Pentwater is very bullish, saying Rio’s offer represents a fraction of free cash flow coming to Oyu Tolgoi’s owners over the coming decade.

“Pentwater expects Turquoise Hill to generate over $10.5 billion CAD of free cash flow through 2030 assuming $3.50 USD copper and almost $14.2 billion CAD of free cash flow assuming $4.00 USD copper,” it said.

“Pentwater believes that as the world transitions to a green economy, the demand for copper will continue to increase and that there is a high probability that the price of copper will be in excess of $4.00 USD over the next decade.

“Pentwater further believes that the proposed premium is unacceptable for a mine that Pentwater expects to be the third largest copper and gold mine in the world with a mine life in excess of 90 years.

“Pentwater does not support the proposed plan of arrangement. Pentwater is evaluating its legal alternatives with respect of Turquoise Hill, Rio Tinto, and the proposed plan of arrangement, including but not limited to the possible exercise of Dissent Rights or other legal action.”

Them’s fighting words. Rio and BHP (ASX:BHP), which last month made an $8.4b bid for OZ Minerals (ASX:OZL) have both preached capital discipline when it comes to their copper M & A.

But each have shown their hand with their willingness to part with cash to upscale their production.
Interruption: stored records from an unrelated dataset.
lemma part_Inr_eq_part_Inl:
  assumes e: "e \<in> edges G" and u: "u \<in> e" "u \<notin> S"
  shows "part (Inr e) = part (Inl u)"
proof -
  define w where "w = (SOME u. u \<in> e \<and> u \<notin> S)"
  have w: "w \<in> e" "w \<notin> S" using someI[of "\<lambda>u. u \<in> e \<and> u \<notin> S" u] u unfolding w_def by auto
  have "component_of rest w = component_of rest u"
  proof (cases "w = u")
    case False
    obtain a b where "e = {a, b}" using card_edge[OF finite_graph e] card_2_iff by metis
    then have "e = {w, u}" using w u False by auto
    then have "adj rest w u" using e w u by (auto simp: adj_def del_verts_def edges_def)
    then show ?thesis by (rule component_of_eq_if_adj)
  qed simp
  then show ?thesis using u unfolding part_def w_def by auto
qed

lemma port_Inl: "port (Inl u) = (if u \<in> S then 3 + k + idx u else 1)"
  by (simp add: port_def)

lemma idx_less: "s \<in> S \<Longrightarrow> idx s < k"
  using idx(2) by blast

lemma port_Inr_range: "2 \<le> port (Inr e) \<and> port (Inr e) < 3 + k"
proof (cases "e \<subseteq> S \<or> e \<inter> S = {}")
  case False
  then have "(SOME s. s \<in> e \<inter> S) \<in> S" by (metis Int_iff ex_in_conv someI_ex)
  then show ?thesis using False idx_less by (simp add: port_def)
qed (simp add: port_def)

lemma linked_Inl_Inl:
  assumes "part (Inl a) \<noteq> part (Inl b)"
  shows "linked (port (Inl a)) (port (Inl b))"
proof -
  have "a \<notin> S \<or> b \<notin> S" using assms by (auto simp: part_def)
  then show ?thesis using idx_less by (auto simp: port_Inl port_rel_def)
qed

lemma not_linked_Inr_Inr: "\<not> linked (port (Inr e)) (port (Inr e'))"
  using port_Inr_range[of e] port_Inr_range[of e'] by (auto simp: port_rel_def)

lemma incident_iff_linked:
  assumes a: "a \<in> verts G" and e: "e \<in> edges G" and apart: "part (Inl a) \<noteq> part (Inr e)"
  shows "a \<in> e \<longleftrightarrow> linked (port (Inl a)) (port (Inr e))"
proof
  assume ae: "a \<in> e"
  then have aS: "a \<in> S" using part_Inr_eq_part_Inl[OF e] apart by metis
  then have "\<not> e \<subseteq> S" using apart by (auto simp: part_def)
  obtain x y where "e = {x, y}" using card_edge[OF finite_graph e] card_2_iff by metis
  then obtain b where e_ab: "e = {a, b}" using ae by blast
  then have "b \<notin> S" using aS \<open>\<not> e \<subseteq> S\<close> by blast
  then have "e \<inter> S = {a}" "\<not> (e \<subseteq> S \<or> e \<inter> S = {})" using aS e_ab by auto
  then have "port (Inr e) = 3 + idx a" by (simp add: port_def)
  then show "linked (port (Inl a)) (port (Inr e))"
    using aS idx_less by (auto simp: port_Inl port_rel_def)
next
  assume "linked (port (Inl a)) (port (Inr e))"
  then obtain i where i: "i < k" "port (Inr e) = 3 + i" "port (Inl a) = 3 + k + i"
    using port_Inr_range[of e] by (auto simp: port_rel_def port_Inl split: if_splits)
  then have aS: "a \<in> S" and "idx a = i" by (auto simp: port_Inl split: if_splits)
  have mixed: "\<not> (e \<subseteq> S \<or> e \<inter> S = {})" using i by (auto simp: port_def)
  define s where "s = (SOME s. s \<in> e \<inter> S)"
  have s: "s \<in> e" "s \<in> S" using mixed someI_ex[of "\<lambda>s. s \<in> e \<inter> S"] unfolding s_def by auto
  have "idx s = idx a" using mixed i \<open>idx a = i\<close> by (simp add: port_def s_def)
  then show "a \<in> e" using idx(1) s aS by (metis inj_onD)
qed

lemma part_image:
  assumes "0 < num_components rest"
  shows "part ` verts (IS G) = {..<num_components rest}"
proof
  have num_less: "num (component_of rest u) < num_components rest" if "u \<in> verts G - S" for u
    using bij_betwE[OF num] component_in_components[OF that] by blast
  show "part ` verts (IS G) \<subseteq> {..<num_components rest}"
  proof
    fix i assume "i \<in> part ` verts (IS G)"
    then obtain z where z: "z \<in> verts (IS G)" "i = part z" by blast
    show "i \<in> {..<num_components rest}"
    proof (cases z)
      case (Inl u)
      then show ?thesis using z num_less assms by (auto simp: part_def verts_IS)
    next
      case (Inr e)
      then have e: "e \<in> edges G" using z by (auto simp: verts_IS)
      show ?thesis
      proof (cases "e \<subseteq> S")
        case True
        then show ?thesis using Inr z assms by (simp add: part_def)
      next
        case False
        then obtain u where u: "u \<in> e" "u \<notin> S" by blast
        then have "u \<in> verts G - S" using edge_subset_verts[OF finite_graph e] by blast
        then show ?thesis
          using z Inr part_Inr_eq_part_Inl[OF e u] num_less by (simp add: part_def)
      qed
    qed
  qed
  show "{..<num_components rest} \<subseteq> part ` verts (IS G)"
  proof
    fix i assume "i \<in> {..<num_components rest}"
    then obtain X where X: "X \<in> components rest" "num X = i"
      using bij_betw_imp_surj_on[OF num] by (metis imageE)
    then obtain u where u: "u \<in> verts G - S" "X = component_of rest u"
      by (auto simp: components_eq_image verts_rest)
    then have "part (Inl u) = i" using X by (simp add: part_def)
    then show "i \<in> part ` verts (IS G)" using u(1) by (force simp: verts_IS)
  qed
qed

lemma port_range: "port z \<in> {1..2 * k + 2}"
proof (cases z)
  case (Inl u)
  then show ?thesis using idx_less[of u] by (auto simp: port_Inl)
next
  case (Inr e)
  then show ?thesis using port_Inr_range[of e] by simp
qed

lemma cut_partition_IS:
  assumes "0 < num_components rest"
  shows "cut_partition (IS G) (2 * k + 2) port_rel (num_components rest) part port"
  unfolding cut_partition_def
proof (intro conjI ballI impI)
  show "port_rel \<subseteq> {1..2 * k + 2} \<times> {1..2 * k + 2}" by (auto simp: port_rel_def)
  show "part ` verts (IS G) = {..<num_components rest}" using assms by (rule part_image)
  show "port ` verts (IS G) \<subseteq> {1..2 * k + 2}" using port_range by blast
  fix z w assume z: "z \<in> verts (IS G)" and w: "w \<in> verts (IS G)" and apart: "part z \<noteq> part w"
  show "{z, w} \<in> edges (IS G) \<longleftrightarrow> linked (port z) (port w)"
  proof (cases z; cases w)
    fix a b assume "z = Inl a" "w = Inl b"
    then show ?thesis
      using z w apart linked_Inl_Inl by (auto simp: verts_IS Inl_Inl_in_edges_IS)
  next
    fix a e assume "z = Inl a" "w = Inr e"
    then show ?thesis
      using z w apart incident_iff_linked by (auto simp: verts_IS Inl_Inr_in_edges_IS)
  next
    fix e a assume "z = Inr e" "w = Inl a"
    then show ?thesis
      using z w apart incident_iff_linked[of a e] by (auto simp: verts_IS Inr_Inl_in_edges_IS)
  next
    fix e e' assume "z = Inr e" "w = Inr e'"
    then show ?thesis using not_linked_Inr_Inr Inr_Inr_notin_edges_IS by simp
  qed
qed

end

lemma Sep_le_Cut_IS:
  assumes "finite_graph G"
  shows "Sep G k \<le> Cut (IS G) (2 * k + 2)"
proof -
  obtain S where S: "S \<subseteq> verts G" "card S \<le> k" and Sep: "Sep G k = num_components (del_verts G S)"
    using Sep_attained[OF assms] by blast
  show ?thesis
  proof (cases "num_components (del_verts G S) = 0")
    case False
    have "finite S" using S(1) assms finite_subset by (auto simp: finite_graph_def)
    then obtain idx where idx: "bij_betw idx S {0..<card S}" using ex_bij_betw_finite_nat by blast
    have "finite (components (del_verts G S))"
      using assms by (intro finite_components) (simp add: finite_graph_def del_verts_def verts_def)
    then obtain num where num:
      "bij_betw num (components (del_verts G S)) {..<num_components (del_verts G S)}"
      using ex_bij_betw_finite_nat unfolding num_components_def atLeast0LessThan by blast
    interpret IS_separator G S k idx num
      using assms idx S(2) num by unfold_locales (auto simp: bij_betw_def)
    show ?thesis
      using le_Cut[OF finite_graph_IS[OF assms] cut_partition_IS] False Sep by simp
  qed (simp add: Sep)
qed

theorem SEP_iff_CUT_IS:
  assumes "\<forall>G\<in>C. finite_graph G"
  shows "SEP C \<longleftrightarrow> CUT (IS ` C)"
proof
  assume "SEP C"
  then obtain f where f: "\<And>G k. G \<in> C \<Longrightarrow> Sep G k \<le> f k" unfolding SEP_def by blast
  have "Cut (IS G) k \<le> 5 * k + f (4 * k)" if "G \<in> C" for G k
    using Cut_IS_le[of G k] f[OF that, of "4 * k"] assms that by simp
  then show "CUT (IS ` C)"
    unfolding CUT_def by (intro exI[of _ "\<lambda>k. 5 * k + f (4 * k)"]) blast
next
  assume "CUT (IS ` C)"
  then obtain f where f: "\<And>G k. G \<in> C \<Longrightarrow> Cut (IS G) k \<le> f k" unfolding CUT_def by blast
  have "Sep G k \<le> f (2 * k + 2)" if "G \<in> C" for G k
    using Sep_le_Cut_IS[of G k] f[OF that, of "2 * k + 2"] assms that by simp
  then show "SEP C"
    unfolding SEP_def by (intro exI[of _ "\<lambda>k. f (2 * k + 2)"]) blast
qed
The question is how far they’ll go.


Rio Tinto (ASX:RIO), BHP (ASX:BHP) and OZ Minerals share prices today:



Miners rise like dolphins out of the ocean as iron ore gains

Sentiment in iron ore is doing its weird flip-floppy thing where clear signals are hard to find and hope feels like it has taken the wheel.

Prices were back above US$100/t late last week and continued moving north, sending iron ore miners sharply higher today, despite some pretty rough economic data out of China.

We’re moving into the traditional peak construction season now, with steel makers restarting in the hope Government stimulus to support China’s property sector improves demand for industrial products.

Fortescue and BHP were up more than 3% each, driving the ASX materials sector to a 2.16% gain while energy was flat.

A lower US dollar and supply shortages assisted gold, base metals and battery metals, with Sayona (ASX:SYA), Gold Road (ASX:GOR), De Grey (ASX:DEG), Nickel Industries (ASX:NIC) and Syrah Resources (ASX:SYR) all among the mid-cap standouts.